This cookie i'm eating tastes like pizza. It was so worth contacting my sister for pot.
Almost thought it was a good idea to call his parents to thank them for having a son with an awesome dick. That high.
Saw a guy in a chef outfit covered in mustard talking jiberish into his phone running across the skywalk.
I just sent you a google doc listing all the reasons why I should stop hooking up with him. Feel free to add to it.
I'm going to shower the piss off me now. I feel like I was in an R. Kelly dream.
I want someone to sweep me off my feet and you want someone to fuck you on the kitchen table. They're both perfectly logical needs.
Its not even real halloween yet. This extremely toxic yet briliant costume is going to kill me
After the apocalypse all we'll have is vodka and twinkles.
The contents of my fridge consist of alcohol, Nuva ring, and cheesecake. I'm that girl.
I had one beer! ONE BEER! They took shots in mourning of my tolerance last night. My ability to drink is a joke.
Her tramp stamp said call me maybe. You should have run for the nearest decontamination shower immediately.

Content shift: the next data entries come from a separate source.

text \<open>
  Let \<open>\<chi>\<close> be the quadratic character, \<open>n = |A|\<close> and \<open>f(y) = \<Sum>\<^sub>b\<^sub>\<in>\<^sub>A \<chi>(y - b)\<close>. Exactness of
  \<open>A - A \<doteq> R\<close> gives \<open>p - 1 = 2n(n - 1)\<close>, forces \<open>-1 \<in> R\<close> and \<open>A \<inter> -A = {0}\<close>, and makes
  \<open>f(a) = n - 1\<close> on \<open>A\<close>. For \<open>A = gH \<union> {0}\<close> also \<open>a + b \<in> R\<close> for distinct nonzero
  \<open>a, b \<in> A\<close>, whence \<open>f(-a) \<ge> n - 2\<close>. Jacobsthal's evaluation
  \<open>\<Sum>\<^sub>y \<chi>(y - b)\<chi>(y - c) = p[b = c] - 1\<close> computes \<open>\<Sum>\<^sub>y (f(y) + f(-y))\<^sup>2\<close> exactly, and
  bounding it below by the terms at \<open>0\<close> and \<open>\<plusminus>a\<close> yields \<open>(n - 4)(n - 1)\<^sup>2 \<le> 0\<close>. So \<open>|H| \<le> 3\<close>;
  \<open>|H| = 2\<close> would mean \<open>H = {\<plusminus>1}\<close>, against \<open>A \<inter> -A = {0}\<close>, and \<open>|H| \<in> {0, 1, 3}\<close> gives
  \<open>p \<in> {1, 5, 25}\<close>.
\<close>

lemma quad_res_set_nonzero: "x \<in> quad_res_set \<Longrightarrow> x \<noteq> 0"
  unfolding quad_res_set_def by auto

lemma square_in_quad_res_set: "(x::'a::field) \<noteq> 0 \<Longrightarrow> x ^ 2 \<in> quad_res_set"
  unfolding quad_res_set_def by auto

lemma quad_res_set_mult:
  "x \<in> quad_res_set \<Longrightarrow> y \<in> quad_res_set \<Longrightarrow> x * y \<in> (quad_res_set::'a::field set)"
  unfolding quad_res_set_def by (auto simp: power_mult_distrib[symmetric] intro: exI[of _ "_ * _"])

lemma quad_res_set_divide:
  "x \<in> quad_res_set \<Longrightarrow> y \<in> quad_res_set \<Longrightarrow> x / y \<in> (quad_res_set::'a::field set)"
  unfolding quad_res_set_def divide_inverse
  by (auto simp: power_inverse[symmetric] power_mult_distrib[symmetric] intro: exI[of _ "_ * _"])
lemma proj_psd_orthogonal_diag:
  fixes U :: "real^'n^'n"
  assumes U: "orthogonal_matrix U"
  shows "proj_psd (U ** diag_mat x ** transpose U) = U ** diag_mat (\<lambda>i. max (x i) 0) ** transpose U"
    (is "proj_psd ?X = ?P")
proof -
  have psd: "psd_mat ?P" using U by (simp add: psd_mat_orthogonal_conj_iff psd_mat_diag_mat_iff)
  have min: "norm (?X - ?P) \<le> norm (?X - Q)" if Q: "psd_mat Q" for Q
  proof -
    define Q' where "Q' = transpose U ** Q ** U"
    have Q': "psd_mat Q'" unfolding Q'_def by (rule psd_mat_congruence[OF Q])
    have "Q = U ** Q' ** transpose U" using U by (simp add: Q'_def orthogonal_conj_eq_iff)
    then have XQ: "norm (?X - Q) = norm (diag_mat x - Q')"
      using U by (simp add: orthogonal_conj_diff norm_orthogonal_conj)
    have "(norm (?X - ?P))\<^sup>2 = (\<Sum>i\<in>UNIV. (x i - max (x i) 0)\<^sup>2)"
      using U by (simp add: orthogonal_conj_diff norm_orthogonal_conj diag_mat_diff norm_diag_mat_power2)
    also have "\<dots> \<le> (\<Sum>i\<in>UNIV. ((diag_mat x - Q') $ i $ i)\<^sup>2)"
    proof (rule sum_mono)
      fix i
      define q where "q = Q' $ i $ i"
      have "0 \<le> q" unfolding q_def by (rule psd_mat_diagonal_nonneg[OF Q'])
      have "(x i - max (x i) 0)\<^sup>2 \<le> (x i - q)\<^sup>2"
      proof (cases "0 \<le> x i")
        case False
        have "(- x i) * (- x i) \<le> (q - x i) * (q - x i)"
          using \<open>0 \<le> q\<close> False by (intro mult_mono) auto
        with False show ?thesis by (simp add: power2_eq_square algebra_simps)
      qed simp
      then show "(x i - max (x i) 0)\<^sup>2 \<le> ((diag_mat x - Q') $ i $ i)\<^sup>2"
        by (simp add: diag_mat_def q_def)
    qed
    also have "\<dots> \<le> (norm (?X - Q))\<^sup>2" unfolding XQ by (rule sum_diagonal_power2_le_norm)
    finally show ?thesis by (simp add: power2_le_iff_abs_le)
  qed
  show ?thesis
    unfolding proj_psd_def frob_norm_eq_norm
  proof (rule the_equality)
    show "psd_mat ?P \<and> (\<forall>Q. psd_mat Q \<longrightarrow> norm (?X - ?P) \<le> norm (?X - Q))"
      using psd min by blast
    fix P assume P: "psd_mat P \<and> (\<forall>Q. psd_mat Q \<longrightarrow> norm (?X - P) \<le> norm (?X - Q))"
    show "P = ?P"
      by (rule any_closest_point_unique[OF convex_psd_mat closed_psd_mat, of P ?P ?X])
         (use P psd min in \<open>auto simp: dist_norm\<close>)
  qed
qed

lemma proj_psd_mat_1_minus:
  fixes U :: "real^'n^'n"
  assumes U: "orthogonal_matrix U" and C: "C = U ** diag_mat c ** transpose U"
  shows "proj_psd (mat 1 - C) = U ** diag_mat (\<lambda>i. max 1 (c i)) ** transpose U - C"
proof -
  have "mat 1 - C = U ** diag_mat (\<lambda>i. 1) ** transpose U - U ** diag_mat c ** transpose U"
    using U by (simp add: C diag_mat_one orthogonal_matrix_def)
  also have "\<dots> = U ** diag_mat (\<lambda>i. 1 - c i) ** transpose U"
    by (simp add: orthogonal_conj_diff diag_mat_diff)
  finally have "mat 1 - C = U ** diag_mat (\<lambda>i. 1 - c i) ** transpose U" .
  moreover have "(\<lambda>i. max (1 - c i) 0) = (\<lambda>i. max 1 (c i) - c i)" by (auto simp: max_def)
  ultimately show ?thesis
    using U by (simp add: proj_psd_orthogonal_diag C orthogonal_conj_diff diag_mat_diff)
qed

section \<open>Maximising ln det Z - tr Z above a symmetric matrix\<close>

lemma ln_det_minus_trace_le_diag:
  fixes W :: "real^'n^'n"
  assumes W: "pd_mat W" and Wc: "psd_mat (W - diag_mat c)"
  shows "ln (det W) - trace W \<le> (\<Sum>i\<in>UNIV. ln (max 1 (c i)) - max 1 (c i))"
proof -
  define e where "e i = max 1 (c i)" for i
  have e: "1 \<le> e i" for i by (simp add: e_def)
  then have e0: "0 < e i" for i using less_le_trans zero_less_one by blast
  then have enz: "e i \<noteq> 0" for i by (metis less_irrefl)
  \<comment> \<open>rescale W by diag(e)^(-1/2) and apply ln det \<le> trace - n to the rescaled matrix\<close>
  define H where "H = diag_mat (\<lambda>i. 1 / sqrt (e i))"
  define V where "V = H ** W ** H"
  have "pd_mat H" using e0 by (simp add: H_def pd_mat_diag_mat_iff)
  moreover have "transpose H = H" by (simp add: H_def transpose_diag_mat)
  ultimately have "pd_mat V"
    using pd_mat_congruence[OF W pd_mat_invertible, of H] by (simp add: V_def)
  then have lnV: "ln (det V) \<le> (\<Sum>i\<in>UNIV. W $ i $ i / e i - 1)"
    using ln_det_le_trace_minus_card[of V] e0
    by (simp add: V_def H_def trace_def matrix_mult_diag_mat diag_mat_mult sum_subtractf
        real_sqrt_mult[symmetric] less_imp_le)
  have "det V = det W * (\<Prod>i\<in>UNIV. 1 / e i)"
    using e0 by (simp add: V_def H_def det_mul det_diag_mat prod.distrib[symmetric] less_imp_le
        flip: real_sqrt_mult)
  then have "ln (det V) = ln (det W) + ln (\<Prod>i\<in>UNIV. 1 / e i)"
    using pd_mat_det_pos[OF W] e0 by (simp add: ln_mult prod_pos enz)
  also have "ln (\<Prod>i\<in>UNIV. 1 / e i) = - (\<Sum>i\<in>UNIV. ln (e i))"
    by (simp add: ln_prod ln_div sum_negf enz)
  finally have "ln (det V) = ln (det W) - (\<Sum>i\<in>UNIV. ln (e i))" by simp
  moreover have "W $ i $ i / e i - 1 \<le> W $ i $ i - e i" for i
  proof (cases "c i \<le> 1")
    case False
    then have "e i = c i" by (simp add: e_def)
    moreover have "c i \<le> W $ i $ i"
      using psd_mat_diagonal_nonneg[OF Wc, of i] by (simp add: diag_mat_def)
    ultimately have "0 \<le> (W $ i $ i - e i) * (e i - 1) / e i" using False by simp
    then show ?thesis using e0[of i] by (simp add: field_simps)
  qed (simp add: e_def)
  then have "(\<Sum>i\<in>UNIV. W $ i $ i / e i - 1) \<le> (\<Sum>i\<in>UNIV. W $ i $ i - e i)"
    by (rule sum_mono)
  ultimately show ?thesis
    using lnV by (simp add: e_def trace_def sum_subtractf)
qed

lemma ln_det_minus_trace_le_orthogonal:
  fixes U Z :: "real^'n^'n"
  assumes U: "orthogonal_matrix U" and Z: "pd_mat Z"
    and Zc: "psd_mat (Z - U ** diag_mat c ** transpose U)"
  defines "E \<equiv> U ** diag_mat (\<lambda>i. max 1 (c i)) ** transpose U"
  shows "ln (det Z) - trace Z \<le> ln (det E) - trace E"
proof -
  define W where "W = transpose U ** Z ** U"
  have ZW: "Z = U ** W ** transpose U" using U by (simp add: W_def orthogonal_conj_eq_iff)
  have "ln (det Z) - trace Z = ln (det W) - trace W"
    using U by (simp add: ZW det_orthogonal_conj trace_orthogonal_conj)
  also have "\<dots> \<le> (\<Sum>i\<in>UNIV. ln (max 1 (c i)) - max 1 (c i))"
  proof (rule ln_det_minus_trace_le_diag)
    show "pd_mat W" using U Z by (simp add: ZW pd_mat_orthogonal_conj_iff)
    show "psd_mat (W - diag_mat c)"
      using U Zc by (simp add: ZW orthogonal_conj_diff psd_mat_orthogonal_conj_iff)
  qed
  also have "\<dots> = ln (det E) - trace E"
    using U by (simp add: E_def det_orthogonal_conj trace_orthogonal_conj det_diag_mat
        trace_diag_mat ln_prod sum_subtractf)
  finally show ?thesis .
qed

lemma feasible_iff_whitened:
  fixes B T Y :: "real^'n^'n"
  assumes k: "0 < k" and B: "symmetric_mat B" and T: "invertible T" "symmetric_mat T"
  shows "feasible k B Y \<longleftrightarrow>
    pd_mat (T ** (B + (1/k) *\<^sub>R Y) ** T) \<and> psd_mat (T ** (B + (1/k) *\<^sub>R Y) ** T - T ** B ** T)"
proof -
  have tT: "transpose T = T" using T(2) by (simp add: symmetric_mat_def)
  have "T ** (B + (1/k) *\<^sub>R Y) ** T - T ** B ** T = (1/k) *\<^sub>R (transpose T ** Y ** T)"
    by (simp add: tT matrix_add_ldistrib matrix_add_rdistrib matrix_scalar_ac scalar_matrix_assoc)
  then have psd: "psd_mat (T ** (B + (1/k) *\<^sub>R Y) ** T - T ** B ** T) \<longleftrightarrow> psd_mat Y"
    using k T(1) by (simp add: psd_mat_scaleR_iff psd_mat_congruence_iff)
  have "Y - - (k *\<^sub>R B) = k *\<^sub>R (B + (1/k) *\<^sub>R Y)" using k by (simp add: algebra_simps)
  then have pd: "pd_mat (Y - - (k *\<^sub>R B)) \<longleftrightarrow> pd_mat (T ** (B + (1/k) *\<^sub>R Y) ** T)"
    using k T(1) pd_mat_congruence_iff[of T] by (simp add: pd_mat_scaleR_iff tT)
  have "symmetric_mat (- (k *\<^sub>R B))"
    using B by (simp add: symmetric_mat_def transpose_scalar vec_eq_iff transpose_def)
  then show ?thesis
    using psd pd by (auto simp: feasible_def loewner_less_def psd_mat_def)
qed

lemma objective_whitened:
  fixes G B S T Y :: "real^'n^'n"
  assumes k: "0 < k" and ST: "S ** T = mat 1" and G: "G = S ** S"
    and Z: "pd_mat (T ** (B + (1/k) *\<^sub>R Y) ** T)"
  shows "objective k G B Y =
    k * (ln (det (T ** (B + (1/k) *\<^sub>R Y) ** T)) - trace (T ** (B + (1/k) *\<^sub>R Y) ** T))
    + k * trace (T ** B ** T) + k * ln (det G)"
proof -
  define A where "A = B + (1/k) *\<^sub>R Y"
  define Z where "Z = T ** A ** T"
  have TS: "T ** S = mat 1" using ST matrix_left_right_inverse by blast
  have "G ** (T ** T) = S ** (S ** T) ** T" by (simp add: G matrix_mul_assoc)
  then have "matrix_inv G = T ** T" by (intro matrix_inv_unique) (simp add: ST)
  then have "trace (Y ** matrix_inv G) = trace (T ** Y ** T)"
    using trace_mul_sym[of "Y ** T" T] by (simp add: matrix_mul_assoc)
  also have "T ** Y ** T = k *\<^sub>R (Z - T ** B ** T)"
    using k by (simp add: Z_def A_def matrix_add_ldistrib matrix_add_rdistrib matrix_scalar_ac
        scalar_matrix_assoc)
  finally have tr: "trace (Y ** matrix_inv G) = k * (trace Z - trace (T ** B ** T))"
    by (simp add: trace_def sum_distrib_left sum_subtractf algebra_simps)
  have "S ** Z ** S = (S ** T) ** A ** (T ** S)" by (simp add: Z_def matrix_mul_assoc)
  then have SZS: "S ** Z ** S = A" by (simp add: ST TS)
  have "det A = det G * det Z" unfolding SZS[symmetric] by (simp add: G det_mul mult_ac)
  moreover have "0 < det Z" using Z by (simp add: Z_def A_def pd_mat_det_pos)
  moreover have "det S \<noteq> 0" using ST by (metis det_I det_mul mult_zero_left zero_neq_one)
  ultimately have "ln (det A) = ln (det G) + ln (det Z)"
    by (simp add: G det_mul ln_mult)
  then show ?thesis by (simp add: objective_def tr Z_def A_def algebra_simps)
qed

lemma mat_sqrt_whitening:
  fixes G :: "real^'n^'n"
  assumes "pd_mat G"
  defines "S \<equiv> mat_sqrt G" and "T \<equiv> matrix_inv (mat_sqrt G)"
  shows "S ** T = mat 1" "T ** S = mat 1" "S ** S = G" "invertible T" "symmetric_mat T"
proof -
  have S: "pd_mat S" "S ** S = G" using pd_mat_mat_sqrt[OF assms(1)] by (simp_all add: S_def)
  have invS: "invertible S" using S(1) by (rule pd_mat_invertible)
  then show ST: "S ** T = mat 1" "T ** S = mat 1" by (simp_all add: S_def T_def matrix_inv)
  show "S ** S = G" by (rule S(2))
  show "invertible T" using ST by (auto simp: invertible_def)
  show "symmetric_mat T"
    using S(1) symmetric_mat_matrix_inv[OF _ invS] by (simp add: S_def T_def pd_mat_def)
qed
lemma sign_walk_in_iff:
  "sign_walk_in A t x s es \<longleftrightarrow> (\<forall>i\<le>length es. A (t + i) (x + s * sign_path es i))"
proof (induction es arbitrary: t x s)
  case (Cons e es)
  have all_le_Suc: "(\<forall>i\<le>Suc n. P i) \<longleftrightarrow> P 0 \<and> (\<forall>i\<le>n. P (Suc i))" for n and P :: "nat \<Rightarrow> bool"
    unfolding less_Suc_eq_le[symmetric] All_less_Suc2 ..
  show ?case
    unfolding sign_walk_in.simps Cons.IH length_Cons all_le_Suc
    by (simp add: sign_path_Cons algebra_simps)
qed simp

lemma Zsum_eq_sign_path:
  assumes X: "\<And>j. j \<in> {1..length es} \<Longrightarrow> X j \<omega> = of_int (es ! (j - 1))" and "i \<le> length es"
  shows "Zsum X i \<omega> = of_int (sign_path es i)"
proof -
  have "(\<Prod>j=1..k. X j \<omega>) = of_int (prod_list (take k es))" if "k \<le> length es" for k
    using that
  proof (induction k)
    case (Suc k)
    then show ?case
      using X[of "Suc k"] by (simp add: prod.nat_ivl_Suc' take_Suc_conv_app_nth)
  qed simp
  then show ?thesis
    using \<open>i \<le> length es\<close> by (simp add: Zsum_def sign_path_def)
qed

locale fair_signs = prob_space +
  fixes X :: "nat \<Rightarrow> 'a \<Rightarrow> real"
  assumes indep: "indep_vars (\<lambda>_. borel) X {1..}"
    and prob_plus: "\<And>i. i \<ge> 1 \<Longrightarrow> prob {\<omega> \<in> space M. X i \<omega> = 1} = 1/2"
    and prob_minus: "\<And>i. i \<ge> 1 \<Longrightarrow> prob {\<omega> \<in> space M. X i \<omega> = -1} = 1/2"
begin

definition cylinder :: "int list \<Rightarrow> 'a set" where
  "cylinder es = {\<omega> \<in> space M. \<forall>j\<in>{1..length es}. X j \<omega> = of_int (es ! (j - 1))}"
lemma nn_integral_q: "(\<integral>\<^sup>+x'. ennreal (q th a b x') \<partial>lborel) = 1"
proof -
  have "(\<integral>\<^sup>+x'. ennreal (q th a b x') \<partial>lborel) = (\<integral>\<^sup>+v. g v * 1 \<partial>lborel)"
    using nn_integral_noise_transition[of "\<lambda>_. 1" a b th] by simp
  also have "\<dots> = emeasure (density lborel g) (space (density lborel g))"
    using g_measurable by (simp add: emeasure_density)
  also have "\<dots> = 1"
    using prob_space.emeasure_space_1[OF prob_space_noise] by simp
  finally show ?thesis .
qed

text \<open>Since w k is independent of the history up to time k, x (k + 1) has conditional density
  q th_star (x k) (u k) given that history.\<close>

lemma nn_integral_next_state:
  assumes Y: "Y \<in> borel_measurable (history k)"
    and psi: "psi \<in> borel_measurable (borel \<Otimes>\<^sub>M borel \<Otimes>\<^sub>M borel)"
  shows "(\<integral>\<^sup>+\<omega>. Y \<omega> * psi (x k \<omega>, u k \<omega>, x (Suc k) \<omega>) \<partial>M)
       = (\<integral>\<^sup>+\<omega>. Y \<omega> * (\<integral>\<^sup>+x'. ennreal (q th_star (x k \<omega>) (u k \<omega>) x') * psi (x k \<omega>, u k \<omega>, x') \<partial>lborel) \<partial>M)"
proof -
  define H where "H p = Y (fst p) * psi (x k (fst p), u k (fst p), f (x k (fst p)) (u k (fst p)) (snd p) th_star)" for p
  have Y': "Y \<in> borel_measurable (hist_measure k)"
    by (rule measurable_in_subalg[OF subalgebra_history Y])
  have x1: "(\<lambda>p. x k (fst p)) \<in> borel_measurable (hist_measure k \<Otimes>\<^sub>M (lborel :: 'w measure))"
    by (rule measurable_compose[OF measurable_fst measurable_in_subalg[OF subalgebra_history x_history]]) simp
  have u1: "(\<lambda>p. u k (fst p)) \<in> borel_measurable (hist_measure k \<Otimes>\<^sub>M (lborel :: 'w measure))"
    by (rule measurable_compose[OF measurable_fst measurable_in_subalg[OF subalgebra_history u_history]]) simp
  have v1: "(\<lambda>p. snd p) \<in> borel_measurable (hist_measure k \<Otimes>\<^sub>M (lborel :: 'w measure))"
    using measurable_snd[of "hist_measure k" "lborel :: 'w measure"] by (simp add: measurable_lborel2)
  have "(\<lambda>p. (x k (fst p), u k (fst p), snd p)) \<in> measurable (hist_measure k \<Otimes>\<^sub>M (lborel :: 'w measure)) (borel \<Otimes>\<^sub>M borel \<Otimes>\<^sub>M borel)"
    using x1 u1 v1 by (intro measurable_Pair) auto
  from measurable_compose[OF this f_meas[of th_star]]
  have "(\<lambda>p. f (x k (fst p)) (u k (fst p)) (snd p) th_star) \<in> borel_measurable (hist_measure k \<Otimes>\<^sub>M (lborel :: 'w measure))"
    by simp
  then have "(\<lambda>p. (x k (fst p), u k (fst p), f (x k (fst p)) (u k (fst p)) (snd p) th_star))
      \<in> measurable (hist_measure k \<Otimes>\<^sub>M (lborel :: 'w measure)) (borel \<Otimes>\<^sub>M borel \<Otimes>\<^sub>M borel)"
    using x1 u1 by (intro measurable_Pair) auto
  from measurable_compose[OF this psi]
  have "H \<in> borel_measurable (hist_measure k \<Otimes>\<^sub>M (lborel :: 'w measure))"
    unfolding H_def using measurable_compose[OF measurable_fst Y'] by (intro borel_measurable_times_ennreal) auto
  have "(\<integral>\<^sup>+\<omega>. Y \<omega> * psi (x k \<omega>, u k \<omega>, x (Suc k) \<omega>) \<partial>M) = (\<integral>\<^sup>+\<omega>. H (\<omega>, w k \<omega>) \<partial>M)"
    unfolding H_def by (simp add: dyn)
  also have "\<dots> = (\<integral>\<^sup>+\<omega>. (\<integral>\<^sup>+v. g v * H (\<omega>, v) \<partial>lborel) \<partial>M)"
    by (rule nn_integral_history_noise) fact
  also have "\<dots> = (\<integral>\<^sup>+\<omega>. Y \<omega> * (\<integral>\<^sup>+x'. ennreal (q th_star (x k \<omega>) (u k \<omega>) x') * psi (x k \<omega>, u k \<omega>, x') \<partial>lborel) \<partial>M)"
  proof (intro nn_integral_cong)
    fix \<omega>
    have psi_x': "(\<lambda>x'. psi (x k \<omega>, u k \<omega>, x')) \<in> borel_measurable borel"
      using psi by (intro measurable_compose[OF _ psi] measurable_Pair) auto
    then have "(\<lambda>v. psi (x k \<omega>, u k \<omega>, f (x k \<omega>) (u k \<omega>) v th_star)) \<in> borel_measurable lborel"
      using measurable_compose[OF f_measurable] by (simp add: measurable_lborel1)
    then have "(\<integral>\<^sup>+v. g v * H (\<omega>, v) \<partial>lborel) = Y \<omega> * (\<integral>\<^sup>+v. g v * psi (x k \<omega>, u k \<omega>, f (x k \<omega>) (u k \<omega>) v th_star) \<partial>lborel)"
      unfolding H_def using g_measurable by (subst nn_integral_cmult[symmetric]) (auto simp: ac_simps)
    also have "\<dots> = Y \<omega> * (\<integral>\<^sup>+x'. ennreal (q th_star (x k \<omega>) (u k \<omega>) x') * psi (x k \<omega>, u k \<omega>, x') \<partial>lborel)"
      by (simp add: nn_integral_noise_transition[OF psi_x'])
    finally show "(\<integral>\<^sup>+v. g v * H (\<omega>, v) \<partial>lborel) = \<dots>" .
  qed
  finally show ?thesis .
qed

I'll accept that I'm a woo girl. Just not the drunk cowboy hat wearing bar mongering twat bag type
Is it day drinking when the suns up like when does that start
asking for a friend
You're having marijuana delivered to you. You're buying drugs and you aren't even leaving the house. I'm sure he'll be surprised if you're NOT wearing a bathrobe.
I wonder how vigorously I can jack off in a one person tent without being noticed???